_TASK DETAILS:_
Return the lines below that carry the word "fixes".

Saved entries
lemma inscr_circ_vertex_sequence:
  assumes "inscr_circ c r \<alpha> A" "0 < r" "0 \<le> \<alpha>"
  obtains w :: "nat \<Rightarrow> complex" and \<phi> :: "bool \<Rightarrow> real" where
    "\<And>N. closed_with A N \<longleftrightarrow> first_return w N"
    "\<And>i. w (Suc i) = perp_reflection (\<phi> (even i)) (w i)"
    "\<And>i. w (Suc i) \<noteq> w i" "w 0 \<noteq> 0"
    "\<bar>\<phi> False - \<phi> True\<bar> = arctan_inv \<alpha>"
proof -
  obtain s where on_circle: "\<forall>i\<ge>1. A i \<in> sphere c r"
    and sides: "\<forall>i\<ge>1. line_through_dir (A i) (A (i + 1)) (if even (i + s) then dirC2 \<alpha> else dirC1)"
    using assms(1) unfolding inscr_circ_def by blast
  define w where "w i = complex_of (A (Suc i) - c)" for i
  \<comment> \<open>\<open>\<phi> (even i)\<close> is the argument of the direction of the side from \<open>A (i + 1)\<close> to \<open>A (i + 2)\<close>.\<close>
  define \<phi> where "\<phi> b = Arg (complex_of (if b = odd s then dirC2 \<alpha> else dirC1))" for b
  have inj_w: "inj (\<lambda>p. complex_of (p - c))"
    by (auto intro!: injI dest: injD[OF inj_complex_of])
  have "closed_with A N \<longleftrightarrow> first_return w N" for N
    unfolding closed_with_iff_first_return w_def first_return_comp_inj[OF inj_w] ..
  moreover have "w (Suc i) = perp_reflection (\<phi> (even i)) (w i)" for i
  proof -
    let ?d = "if even (Suc i + s) then dirC2 \<alpha> else dirC1"
    have "w (Suc i) = perp_reflection (Arg (complex_of ?d)) (w i)"
      unfolding w_def using on_circle sides[rule_format, of "Suc i"]
      by (intro chord_through_direction) simp_all
    moreover have "Arg (complex_of ?d) = \<phi> (even i)"
      by (simp add: \<phi>_def)
    ultimately show ?thesis
      by simp
  qed
  moreover have "w (Suc i) \<noteq> w i" for i
    using sides[rule_format, of "Suc i"] inj_eq[OF inj_w]
    by (auto simp: w_def line_through_dir_def)
  moreover have "w 0 \<noteq> 0"
    using on_circle assms(2) by (auto simp: w_def complex_of_def complex_eq_iff prod_eq_iff)
  moreover have "\<bar>\<phi> False - \<phi> True\<bar> = arctan_inv \<alpha>"
    using arctan_inv_bounds[OF assms(3)]
    by (simp add: \<phi>_def Arg_complex_of_dirC1 Arg_complex_of_dirC2[OF assms(3)])
  ultimately show thesis
    using that by blast
qed

theorem proposition3p7:
  fixes c :: "real \<times> real" and r \<alpha> :: real and A :: "nat \<Rightarrow> real \<times> real"
  assumes "r > 0" and "\<alpha> \<ge> 0" and "inscr_circ c r \<alpha> A"
  shows "(\<forall>m::nat. \<not> closed_with A (2 * m + 1)) \<and>
         (\<forall>n::nat. closed_with A (2 * n) \<longleftrightarrow>
           arctan_inv \<alpha> \<in> {real k * pi / real n | k::nat. 1 \<le> k \<and> k < n \<and> gcd k n = 1})"
proof -
  obtain w \<phi> where closed: "\<And>N. closed_with A N \<longleftrightarrow> first_return w N"
    and step: "\<And>i. w (Suc i) = perp_reflection (\<phi> (even i)) (w i)"
    and moves: "\<And>i. w (Suc i) \<noteq> w i" and "w 0 \<noteq> 0"
    and angle: "\<bar>\<phi> False - \<phi> True\<bar> = arctan_inv \<alpha>"
    using inscr_circ_vertex_sequence[OF assms(3,1,2)] by blast
  have "0 < \<bar>\<phi> False - \<phi> True\<bar>" "\<bar>\<phi> False - \<phi> True\<bar> < pi"
    using arctan_inv_bounds[OF assms(2)] angle by simp_all
  then show ?thesis
    using alternating_perp_reflections_odd_return[OF step moves]
      alternating_perp_reflections_first_return_even[OF step moves \<open>w 0 \<noteq> 0\<close>] angle
    by (simp add: closed first_return_def)
qed
lemma congruence_Int: "(U, U') \<in> \<theta> \<Longrightarrow> (V, V') \<in> \<theta> \<Longrightarrow> (U \<inter> V, U' \<inter> V') \<in> \<theta>"
proof -
  assume h: "(U, U') \<in> \<theta>" "(V, V') \<in> \<theta>"
  then have "U \<in> \<Omega>" "U' \<in> \<Omega>" "V \<in> \<Omega>" "V' \<in> \<Omega>"
    using equiv_congruence unfolding equiv_def refl_on_def by blast+
  moreover have "(fmeet (free_frame G) U V, fmeet (free_frame G) U' V') \<in> \<theta>"
    using congruence h unfolding frame_congruence_def by blast
  ultimately show ?thesis by (simp add: free_frame_fmeet)
qed

lemma congruence_Union: "P \<subseteq> \<theta> \<Longrightarrow> (\<Union>(fst ` P), \<Union>(snd ` P)) \<in> \<theta>"
proof -
  assume h: "P \<subseteq> \<theta>"
  then have "fst ` P \<subseteq> \<Omega>" "snd ` P \<subseteq> \<Omega>"
    using equiv_congruence unfolding equiv_def refl_on_def by auto
  moreover have "(fsup (free_frame G) (fst ` P), fsup (free_frame G) (snd ` P)) \<in> \<theta>"
    using congruence h unfolding frame_congruence_def by blast
  ultimately show ?thesis by (simp add: free_frame_fsup)
qed

lemma iX_mem: "W \<in> \<Omega> \<Longrightarrow> iX G R W \<in> fcar OX"
  by (simp add: pres_frame_def quotient_frame_def iX_def quotientI)

lemma pres_frame_carE:
  assumes "C \<in> fcar OX"
  obtains W where "W \<in> \<Omega>" "C = iX G R W"
  using assms by (auto simp: pres_frame_def quotient_frame_def iX_def elim!: quotientE)

lemma iX_eq_iff: "U \<in> \<Omega> \<Longrightarrow> V \<in> \<Omega> \<Longrightarrow> iX G R U = iX G R V \<longleftrightarrow> (U, V) \<in> \<theta>"
  unfolding iX_def using equiv_congruence by (rule eq_equiv_class_iff)

lemma iX_le_iff:
  assumes "U \<in> \<Omega>" "V \<in> \<Omega>"
  shows "fle OX (iX G R U) (iX G R V) \<longleftrightarrow> (U \<inter> V, U) \<in> \<theta>"
proof
  assume "(U \<inter> V, U) \<in> \<theta>"
  then have "(fmeet (free_frame G) U V, U) \<in> \<theta>" using assms by (simp add: free_frame_fmeet)
  then show "fle OX (iX G R U) (iX G R V)"
    unfolding pres_frame_def quotient_frame_def iX_def by auto
next
  assume "fle OX (iX G R U) (iX G R V)"
  then obtain U' V' where h: "iX G R U = iX G R U'" "iX G R V = iX G R V'"
    "(fmeet (free_frame G) U' V', U') \<in> \<theta>"
    by (auto simp: pres_frame_def quotient_frame_def iX_def)
  have "U \<in> iX G R U" "V \<in> iX G R V"
    using assms equiv_congruence unfolding iX_def equiv_def refl_on_def by blast+
  then have U': "(U', U) \<in> \<theta>" and V': "(V', V) \<in> \<theta>"
    using h(1,2) unfolding iX_def by blast+
  then have "U' \<in> \<Omega>" "V' \<in> \<Omega>"
    using equiv_congruence unfolding equiv_def refl_on_def by blast+
  then have "(U' \<inter> V', U') \<in> \<theta>" using h(3) by (simp add: free_frame_fmeet)
  then show "(U \<inter> V, U) \<in> \<theta>"
    using congruence_Int[OF congruence_sym[OF U'] congruence_sym[OF V']] U' congruence_trans
    by blast
qed

lemma iX_mono: "U \<in> \<Omega> \<Longrightarrow> V \<in> \<Omega> \<Longrightarrow> U \<subseteq> V \<Longrightarrow> fle OX (iX G R U) (iX G R V)"
  by (simp add: iX_le_iff Int_absorb2 congruence_refl)

lemma iX_fin_up_mem: "iX G R (fin_up G K) \<in> fcar OX"
  by (rule iX_mem[OF fin_up_mem_free_frame_car])

lemma iX_fin_up_le_refl: "fle OX (iX G R (fin_up G K)) (iX G R (fin_up G K))"
  by (rule iX_mono) (simp_all add: fin_up_mem_free_frame_car)

lemma pres_frame_antisym: "\<forall>C\<in>fcar OX. \<forall>D\<in>fcar OX. fle OX C D \<and> fle OX D C \<longrightarrow> C = D"
proof (intro ballI impI)
  fix C D assume "C \<in> fcar OX" "D \<in> fcar OX" and le: "fle OX C D \<and> fle OX D C"
  then obtain U V where UV: "U \<in> \<Omega>" "V \<in> \<Omega>" "C = iX G R U" "D = iX G R V"
    by (metis pres_frame_carE)
  have "(U \<inter> V, U) \<in> \<theta>" "(V \<inter> U, V) \<in> \<theta>" using le UV iX_le_iff by auto
  then have "(U, V) \<in> \<theta>" by (metis inf_commute congruence_sym congruence_trans)
  then show "C = D" using UV iX_eq_iff by simp
qed

lemma is_lub_iX_Union:
  assumes "W \<subseteq> \<Omega>"
  shows "is_lub OX (iX G R ` W) (iX G R (\<Union>W))"
  unfolding is_lub_def
proof (intro conjI ballI impI)
  have U: "\<Union>W \<in> \<Omega>" using assms by (rule Union_mem_free_frame_car)
  show "iX G R (\<Union>W) \<in> fcar OX" using U by (rule iX_mem)
  show "fle OX C (iX G R (\<Union>W))" if "C \<in> iX G R ` W" for C
    using that assms U iX_mono by blast
  fix D assume "D \<in> fcar OX" and upper: "\<forall>C\<in>iX G R ` W. fle OX C D"
  then obtain V where V: "V \<in> \<Omega>" "D = iX G R V" by (metis pres_frame_carE)
  let ?P = "(\<lambda>U. (U \<inter> V, U)) ` W"
  have "?P \<subseteq> \<theta>" using upper V assms iX_le_iff by auto
  then have "(\<Union>(fst ` ?P), \<Union>(snd ` ?P)) \<in> \<theta>" by (rule congruence_Union)
  moreover have "\<Union>(fst ` ?P) = \<Union>W \<inter> V" "\<Union>(snd ` ?P) = \<Union>W" by auto
  ultimately show "fle OX (iX G R (\<Union>W)) D" using iX_le_iff U V by simp
qed

lemma fsup_iX_image: "W \<subseteq> \<Omega> \<Longrightarrow> fsup OX (iX G R ` W) = iX G R (\<Union>W)"
  using fsup_eqI[OF pres_frame_antisym is_lub_iX_Union] .

lemma fsup_pres_frame_closed:
  assumes "T \<subseteq> fcar OX"
  shows "fsup OX T \<in> fcar OX"
proof -
  let ?W = "{W \<in> \<Omega>. iX G R W \<in> T}"
  have "T = iX G R ` ?W" using assms by (auto elim!: pres_frame_carE)
  then show ?thesis
    using fsup_iX_image[of ?W] iX_mem Union_mem_free_frame_car[of ?W] by auto
qed

lemma fsup_iX_fin_up: "W \<in> \<Omega> \<Longrightarrow> fsup OX ((\<lambda>F. iX G R (fin_up G F)) ` W) = iX G R W"
  using fsup_iX_image[of "fin_up G ` W"] free_frame_car_eq_UN_fin_up[of W G]
  by (simp add: image_image image_subset_iff fin_up_mem_free_frame_car)

lemma Cideal_iX_iff_fin_up:
  assumes D: "is_Cideal F OX D" and a: "a \<in> fcar F" "fle F a a" and W: "W \<in> \<Omega>"
  shows "(a, iX G R W) \<in> D \<longleftrightarrow> (\<forall>K\<in>W. (a, iX G R (fin_up G K)) \<in> D)"
proof
  assume "(a, iX G R W) \<in> D"
  then show "\<forall>K\<in>W. (a, iX G R (fin_up G K)) \<in> D"
    using Cideal_downclosed[OF D _ a(1) iX_fin_up_mem a(2)]
      iX_mono[OF fin_up_mem_free_frame_car W fin_up_subset[OF W]] by blast
next
  assume "\<forall>K\<in>W. (a, iX G R (fin_up G K)) \<in> D"
  then have "(a, fsup OX ((\<lambda>K. iX G R (fin_up G K)) ` W)) \<in> D"
    by (intro Cideal_fsup_right[OF D a(1)]) (auto intro: iX_mem fin_up_mem_free_frame_car)
  then show "(a, iX G R W) \<in> D" using fsup_iX_fin_up[OF W] by simp
qed

lemma ev_tilde_subset: "ev_tilde G R \<subseteq> scott_opens (free_frame G) \<times> fcar OX"
proof -
  have "is_Cideal (scott_frame (free_frame G)) OX (scott_opens (free_frame G) \<times> fcar OX)"
    using is_Cideal_full[of "scott_frame (free_frame G)" OX]
    by (simp add: scott_frame_fsup Union_mem_scott_opens fsup_pres_frame_closed)
  moreover have "(\<lambda>(S, W). (id S, iX G R W)) ` ev G \<subseteq> scott_opens (free_frame G) \<times> fcar OX"
    using iX_mem by (auto simp: ev_def)
  ultimately show ?thesis
    unfolding ev_tilde_def tensor_map_def by (rule Cideal_closure_least)
qed

end

locale Cideal_transpose = presentation G R + frame A
  for G :: "'g set" and R and A :: "('a, 'b) frm_scheme" +
  fixes u :: "('a \<times> 'g set set set) set"
  assumes u_Cideal: "is_Cideal A (pres_frame G R) u"
begin

definition coslice :: "'g set \<Rightarrow> 'a" where
  "coslice K = fsup A {a \<in> fcar A. (a, iX G R (fin_up G K)) \<in> u}"

definition slice :: "'a \<Rightarrow> 'g set set" where
  "slice a = {K. finite K \<and> K \<subseteq> G \<and> fle A a (coslice K)}"

definition v :: "'g set set set \<Rightarrow> 'a" where
  "v S = fsup A {a \<in> fcar A. slice a \<in> S}"

lemma coslice_closed: "coslice K \<in> fcar A"
  unfolding coslice_def by (rule fsup_closed) blast

lemma le_coslice_iff: "a \<in> fcar A \<Longrightarrow> fle A a (coslice K) \<longleftrightarrow> (a, iX G R (fin_up G K)) \<in> u"
proof
  have "(coslice K, iX G R (fin_up G K)) \<in> u"
    unfolding coslice_def
    by (rule Cideal_fsup_left[OF u_Cideal iX_fin_up_mem]) blast+
  moreover assume "a \<in> fcar A" "fle A a (coslice K)"
  ultimately show "(a, iX G R (fin_up G K)) \<in> u"
    using Cideal_downclosed[OF u_Cideal _ _ iX_fin_up_mem] iX_fin_up_le_refl by blast
qed (auto simp: coslice_def intro: fsup_upper)

lemma slice_mem: "a \<in> fcar A \<Longrightarrow> slice a \<in> \<Omega>"
  unfolding mem_free_frame_car_iff
proof (intro conjI ballI allI impI)
  fix K K' assume a: "a \<in> fcar A" and "K \<in> slice a" and K': "finite K' \<and> K \<subseteq> K' \<and> K' \<subseteq> G"
  then have "(a, iX G R (fin_up G K)) \<in> u" using le_coslice_iff unfolding slice_def by blast
  then have "(a, iX G R (fin_up G K')) \<in> u"
    using Cideal_downclosed[OF u_Cideal _ a iX_fin_up_mem le_refl[OF a]]
      iX_mono[OF fin_up_mem_free_frame_car fin_up_mem_free_frame_car fin_up_antimono] K' by blast
  then show "K' \<in> slice a" using a K' le_coslice_iff unfolding slice_def by blast
qed (auto simp: slice_def)

lemma mem_u_iff_subset_slice:
  assumes a: "a \<in> fcar A" and W: "W \<in> \<Omega>"
  shows "(a, iX G R W) \<in> u \<longleftrightarrow> W \<subseteq> slice a"
proof -
  have "\<forall>K\<in>W. finite K \<and> K \<subseteq> G" using W unfolding mem_free_frame_car_iff by blast
  then show ?thesis
    using Cideal_iX_iff_fin_up[OF u_Cideal a le_refl[OF a] W] le_coslice_iff[OF a]
    unfolding slice_def by blast
qed

lemma slice_antimono: "a \<in> fcar A \<Longrightarrow> b \<in> fcar A \<Longrightarrow> fle A b a \<Longrightarrow> slice a \<subseteq> slice b"
  unfolding slice_def using le_trans[OF _ _ coslice_closed] by blast

lemma v_closed: "v S \<in> fcar A"
  unfolding v_def by (rule fsup_closed) blast

lemma v_mono: "S \<subseteq> S' \<Longrightarrow> fle A (v S) (v S')"
  unfolding v_def by (rule fsup_mono) blast+

lemma v_Union: "v (\<Union>T) = fsup A (v ` T)"
proof -
  have "{a \<in> fcar A. slice a \<in> \<Union>T} = (\<Union>S\<in>T. {a \<in> fcar A. slice a \<in> S})" by blast
  then show ?thesis unfolding v_def by (simp add: fsup_UN[of T])
qed
lemma Dmat_f_offdiag_dominated:
  obtains \<beta> where "\<beta> \<ge> 1"
    and "\<And>i p a k b. p \<in> S \<Longrightarrow> real CARD('d) * \<bar>Dmat (f i) p $ a $ k\<bar> \<le> \<beta> * \<bar>Dmat (f i) p $ b $ b\<bar>"
proof -
  obtain L where L: "\<And>p. p \<in> S \<Longrightarrow> norm (log_diag p) \<le> L"
    using bounded_log_diag by (auto simp: bounded_iff)
  have "bounded (\<Union>i. Dmat (f i) ` S)"
    by (rule bounded_UN) (auto intro!: compact_imp_bounded compact_continuous_image continuous_on_Dmat_f S_compact)
  then obtain K where K: "\<And>i p. p \<in> S \<Longrightarrow> norm (Dmat (f i) p) \<le> K"
    by (auto simp: bounded_iff)
  define \<beta> where "\<beta> = max 1 (real CARD('d) * \<bar>K\<bar> * exp L)"
  have "real CARD('d) * \<bar>Dmat (f i) p $ a $ k\<bar> \<le> \<beta> * \<bar>Dmat (f i) p $ b $ b\<bar>" if p: "p \<in> S" for i p a k b
  proof -
    have "\<bar>Dmat (f i) p $ a $ k\<bar> \<le> \<bar>K\<bar>"
      using component_le_norm_cart[of "Dmat (f i) p $ a" k] Finite_Cartesian_Product.norm_nth_le[of "Dmat (f i) p" a] K[OF p, of i]
      by linarith
    moreover have "- L \<le> ln \<bar>Dmat (f i) p $ b $ b\<bar>"
      using component_le_norm_cart[of "log_diag p" "(b, i)"] L[OF p] by (simp add: log_diag_nth)
    then have "exp (- L) \<le> \<bar>Dmat (f i) p $ b $ b\<bar>"
      using Dmat_f_diag_nonzero[OF p] by (metis exp_le_cancel_iff exp_ln zero_less_abs_iff)
    then have "1 \<le> exp L * \<bar>Dmat (f i) p $ b $ b\<bar>"
      using mult_left_mono[of "exp (- L)" _ "exp L"] by (simp add: exp_minus)
    then have "\<bar>K\<bar> \<le> \<bar>K\<bar> * (exp L * \<bar>Dmat (f i) p $ b $ b\<bar>)"
      using mult_left_mono[of 1 _ "\<bar>K\<bar>"] by simp
    ultimately have "real CARD('d) * \<bar>Dmat (f i) p $ a $ k\<bar> \<le> real CARD('d) * (\<bar>K\<bar> * (exp L * \<bar>Dmat (f i) p $ b $ b\<bar>))"
      by (intro mult_left_mono) auto
    also have "\<dots> = (real CARD('d) * \<bar>K\<bar> * exp L) * \<bar>Dmat (f i) p $ b $ b\<bar>"
      by (simp add: mult_ac)
    also have "\<dots> \<le> \<beta> * \<bar>Dmat (f i) p $ b $ b\<bar>"
      by (intro mult_right_mono) (auto simp: \<beta>_def)
    finally show ?thesis .
  qed
  then show ?thesis by (intro that[of \<beta>]) (auto simp: \<beta>_def)
qed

_ANSWER FOR THE TASK:_
  fixes c :: "real \<times> real" and r \<alpha> :: real and A :: "nat \<Rightarrow> real \<times> real"
  fixes u :: "('a \<times> 'g set set set) set"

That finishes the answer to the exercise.